I have a large text file of URLs which I have to download via wget. I have written a small python script which basically loops through each domain name and download them using wget (os.system("wget "+URL)). But the problem is that wget just hangs on a connection if the remote server doesn't reply after connecting.How do I set a time limit in such a case? I want to terminate wget after some time if the remote server is not replying after connection.



This seems to be less a question about python, and more a question about how to use wget.in gnu wget, which you are likely using, the default number of retries is 20. you can set trieds using -t, perhaps wget -t0 would quickly skip it if the file fails to download. alternatively, you could use the -S flag to get sever response, and have python react appropriately. But, the most helpful options to you would be -T or timeout, set that to -T10 to have it timeout after ten seconds and move on.
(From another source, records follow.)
theorem lemma3:
  fixes V :: "'v set" and E :: "'e set" and ends :: "'e \<Rightarrow> 'v set" and \<sigma> :: "'e \<Rightarrow> 'c"
    and u v :: 'v
  assumes "loopless_multigraph V E ends"
    and "mult_le2 E ends"
    and "real (maxdeg V E ends) > 10 ^ 20"
    and "proper_edge_coloring E ends \<sigma>"
    and "u \<in> V - VH V E ends" and "v \<in> V - VH V E ends"
    and "\<exists>e\<in>E. ends e = {u, v}"
    and "deg E ends u = deg E ends v"
  shows "measure_pmf.prob (phase1_pmf V E ends)
           {X. u \<notin> Lset V E ends X \<and> card (symdiff (S1 E ends \<sigma> X u) (S1 E ends \<sigma> X v)) < 10}
         < 1 / real (maxdeg V E ends) ^ 7"
proof -
  have finite: "finite V" "finite E" using assms(1) by (simp_all add: loopless_multigraph_def)
  have "u \<noteq> v" using assms(1,7) by (auto simp: loopless_multigraph_def)
  interpret equal_degree_pair E ends \<sigma> u v
    using finite(2) assms(4,8) card_edges_joining_le_2[OF assms(1,2) \<open>u \<noteq> v\<close>]
    by unfold_locales
  have "measure_pmf.prob (phase1_pmf V E ends)
      {X. u \<notin> Lset V E ends X \<and> card (symdiff (S1 E ends \<sigma> X u) (S1 E ends \<sigma> X v)) < 10}
      \<le> measure_pmf.prob (phase1_pmf V E ends)
      {X. private_count + 9 \<le> card {c\<in>nonjoining_colors. \<forall>e\<in>color_class c. X e}}"
    using phase1_event_subset[OF assms(5)] by (rule measure_pmf.finite_measure_mono) simp
  also have "\<dots> < 1 / real (maxdeg V E ends) ^ 7"
    unfolding phase1_pmf_def
  proof (rule prob_many_full_color_classes_lt)
    show "Eu \<union> Ev \<subseteq> E - EH V E ends"
      using assms(5,6) by (auto simp: Eu_def Ev_def EH_def)
    show "real (card Eu) \<le> real (maxdeg V E ends)"
      using deg_le_maxdeg[OF finite(1), of u E ends] assms(5) by (simp add: deg_def Eu_def)
  qed (use finite(2) assms(3) in auto)
  finally show ?thesis .
qed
If all you are doing is iterating through a list and downloading a list of URLs I would just use wget, no need for python here. In fact, you can do it in one line

awk '{print "wget -t2 -T5 --append-output=wget.log \"" $0 "\""}' listOfUrls | bash

what this is doing is running through a list of urls, and calling wget, where wget tries to download the file twice, and waits 5 seconds before terminating the connection, it also appends the response to wget.log, which you can grep at the end looking for a 404 error.


08-04 23:32